• **LISTED ENTRIES**
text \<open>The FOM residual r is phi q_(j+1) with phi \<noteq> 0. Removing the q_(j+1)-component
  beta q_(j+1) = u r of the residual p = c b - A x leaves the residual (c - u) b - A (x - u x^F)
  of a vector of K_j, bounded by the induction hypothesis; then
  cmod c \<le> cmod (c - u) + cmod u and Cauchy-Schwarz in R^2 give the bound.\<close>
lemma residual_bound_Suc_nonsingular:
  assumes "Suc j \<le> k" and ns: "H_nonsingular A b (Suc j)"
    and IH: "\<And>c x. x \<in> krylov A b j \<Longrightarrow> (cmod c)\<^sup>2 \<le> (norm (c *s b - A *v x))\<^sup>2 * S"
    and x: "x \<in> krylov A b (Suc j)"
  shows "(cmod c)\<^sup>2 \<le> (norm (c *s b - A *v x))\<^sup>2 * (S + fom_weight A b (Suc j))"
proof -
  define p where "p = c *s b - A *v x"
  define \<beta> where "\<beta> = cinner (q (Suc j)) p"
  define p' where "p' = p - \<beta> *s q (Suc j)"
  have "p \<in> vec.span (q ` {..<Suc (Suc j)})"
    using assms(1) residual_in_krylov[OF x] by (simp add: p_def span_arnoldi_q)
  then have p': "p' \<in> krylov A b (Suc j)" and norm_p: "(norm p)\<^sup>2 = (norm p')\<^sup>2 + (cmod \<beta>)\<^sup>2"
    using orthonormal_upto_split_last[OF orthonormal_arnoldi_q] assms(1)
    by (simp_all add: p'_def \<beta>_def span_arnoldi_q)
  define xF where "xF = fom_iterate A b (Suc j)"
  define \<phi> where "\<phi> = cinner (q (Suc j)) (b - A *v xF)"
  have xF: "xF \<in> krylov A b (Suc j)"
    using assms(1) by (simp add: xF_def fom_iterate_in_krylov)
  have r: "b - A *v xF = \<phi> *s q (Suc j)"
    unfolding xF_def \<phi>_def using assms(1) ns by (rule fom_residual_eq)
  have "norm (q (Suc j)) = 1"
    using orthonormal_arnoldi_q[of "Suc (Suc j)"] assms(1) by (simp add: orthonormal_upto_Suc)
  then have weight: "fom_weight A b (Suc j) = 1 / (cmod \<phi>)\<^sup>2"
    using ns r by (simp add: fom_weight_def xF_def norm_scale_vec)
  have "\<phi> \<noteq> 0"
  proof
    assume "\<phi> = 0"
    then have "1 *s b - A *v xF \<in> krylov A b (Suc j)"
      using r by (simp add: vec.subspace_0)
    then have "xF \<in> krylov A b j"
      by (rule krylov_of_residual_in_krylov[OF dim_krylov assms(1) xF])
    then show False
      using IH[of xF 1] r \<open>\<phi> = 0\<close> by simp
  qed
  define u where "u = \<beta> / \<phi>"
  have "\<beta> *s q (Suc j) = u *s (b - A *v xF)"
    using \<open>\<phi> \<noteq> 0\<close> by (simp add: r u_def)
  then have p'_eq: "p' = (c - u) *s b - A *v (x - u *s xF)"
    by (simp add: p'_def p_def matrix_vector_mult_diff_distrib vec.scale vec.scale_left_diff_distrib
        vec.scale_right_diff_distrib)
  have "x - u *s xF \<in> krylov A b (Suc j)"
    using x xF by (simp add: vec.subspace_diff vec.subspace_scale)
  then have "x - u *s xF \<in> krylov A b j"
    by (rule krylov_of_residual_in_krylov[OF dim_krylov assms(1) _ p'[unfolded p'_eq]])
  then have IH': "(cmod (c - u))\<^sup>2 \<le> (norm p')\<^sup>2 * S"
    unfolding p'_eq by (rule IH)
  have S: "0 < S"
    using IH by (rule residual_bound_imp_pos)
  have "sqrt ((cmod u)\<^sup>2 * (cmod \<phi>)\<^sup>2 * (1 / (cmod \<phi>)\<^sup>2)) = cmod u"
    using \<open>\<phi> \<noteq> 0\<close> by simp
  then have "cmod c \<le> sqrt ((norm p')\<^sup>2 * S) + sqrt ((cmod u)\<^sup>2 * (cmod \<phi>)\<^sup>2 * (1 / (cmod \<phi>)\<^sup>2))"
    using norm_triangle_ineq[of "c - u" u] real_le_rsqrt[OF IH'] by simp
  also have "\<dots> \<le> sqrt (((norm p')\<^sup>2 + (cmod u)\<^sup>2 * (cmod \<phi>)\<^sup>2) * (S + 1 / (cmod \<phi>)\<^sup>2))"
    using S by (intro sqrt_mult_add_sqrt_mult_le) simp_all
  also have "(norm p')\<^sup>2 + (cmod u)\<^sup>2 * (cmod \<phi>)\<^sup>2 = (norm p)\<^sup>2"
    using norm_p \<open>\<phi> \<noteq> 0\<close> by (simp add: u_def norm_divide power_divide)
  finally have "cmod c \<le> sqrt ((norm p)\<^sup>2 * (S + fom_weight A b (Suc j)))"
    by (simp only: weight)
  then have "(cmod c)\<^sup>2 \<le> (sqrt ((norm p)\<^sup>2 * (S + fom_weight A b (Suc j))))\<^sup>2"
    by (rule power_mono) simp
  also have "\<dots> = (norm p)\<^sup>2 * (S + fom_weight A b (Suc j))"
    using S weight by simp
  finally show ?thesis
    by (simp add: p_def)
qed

---

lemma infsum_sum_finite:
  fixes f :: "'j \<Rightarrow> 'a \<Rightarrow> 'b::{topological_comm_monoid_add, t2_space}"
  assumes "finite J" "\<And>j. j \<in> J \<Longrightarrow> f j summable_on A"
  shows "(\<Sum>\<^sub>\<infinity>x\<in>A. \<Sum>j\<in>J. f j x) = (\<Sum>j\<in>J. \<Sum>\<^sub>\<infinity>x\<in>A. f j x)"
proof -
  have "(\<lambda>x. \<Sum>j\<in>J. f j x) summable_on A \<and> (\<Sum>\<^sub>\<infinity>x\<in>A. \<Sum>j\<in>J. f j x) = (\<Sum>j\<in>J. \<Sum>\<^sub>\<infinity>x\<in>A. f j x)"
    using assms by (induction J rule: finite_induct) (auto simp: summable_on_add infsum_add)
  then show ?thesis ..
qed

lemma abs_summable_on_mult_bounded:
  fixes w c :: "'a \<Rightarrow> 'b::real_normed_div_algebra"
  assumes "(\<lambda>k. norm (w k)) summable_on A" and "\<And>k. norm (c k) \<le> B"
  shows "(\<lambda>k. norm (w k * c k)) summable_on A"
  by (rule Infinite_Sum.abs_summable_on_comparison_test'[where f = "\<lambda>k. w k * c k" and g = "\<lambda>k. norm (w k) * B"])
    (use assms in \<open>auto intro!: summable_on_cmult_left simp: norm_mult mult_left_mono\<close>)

• **DESCRIPTION OF THE TASK**
Return only the lines between the one holding "then show False" and the one holding "using S by (intro", inclusive, exactly as they appear above.

• **WRITTEN RESPONSE**
    then show False
      using IH[of xF 1] r \<open>\<phi> = 0\<close> by simp
  qed
  define u where "u = \<beta> / \<phi>"
  have "\<beta> *s q (Suc j) = u *s (b - A *v xF)"
    using \<open>\<phi> \<noteq> 0\<close> by (simp add: r u_def)
  then have p'_eq: "p' = (c - u) *s b - A *v (x - u *s xF)"
    by (simp add: p'_def p_def matrix_vector_mult_diff_distrib vec.scale vec.scale_left_diff_distrib
        vec.scale_right_diff_distrib)
  have "x - u *s xF \<in> krylov A b (Suc j)"
    using x xF by (simp add: vec.subspace_diff vec.subspace_scale)
  then have "x - u *s xF \<in> krylov A b j"
    by (rule krylov_of_residual_in_krylov[OF dim_krylov assms(1) _ p'[unfolded p'_eq]])
  then have IH': "(cmod (c - u))\<^sup>2 \<le> (norm p')\<^sup>2 * S"
    unfolding p'_eq by (rule IH)
  have S: "0 < S"
    using IH by (rule residual_bound_imp_pos)
  have "sqrt ((cmod u)\<^sup>2 * (cmod \<phi>)\<^sup>2 * (1 / (cmod \<phi>)\<^sup>2)) = cmod u"
    using \<open>\<phi> \<noteq> 0\<close> by simp
  then have "cmod c \<le> sqrt ((norm p')\<^sup>2 * S) + sqrt ((cmod u)\<^sup>2 * (cmod \<phi>)\<^sup>2 * (1 / (cmod \<phi>)\<^sup>2))"
    using norm_triangle_ineq[of "c - u" u] real_le_rsqrt[OF IH'] by simp
  also have "\<dots> \<le> sqrt (((norm p')\<^sup>2 + (cmod u)\<^sup>2 * (cmod \<phi>)\<^sup>2) * (S + 1 / (cmod \<phi>)\<^sup>2))"
    using S by (intro sqrt_mult_add_sqrt_mult_le) simp_all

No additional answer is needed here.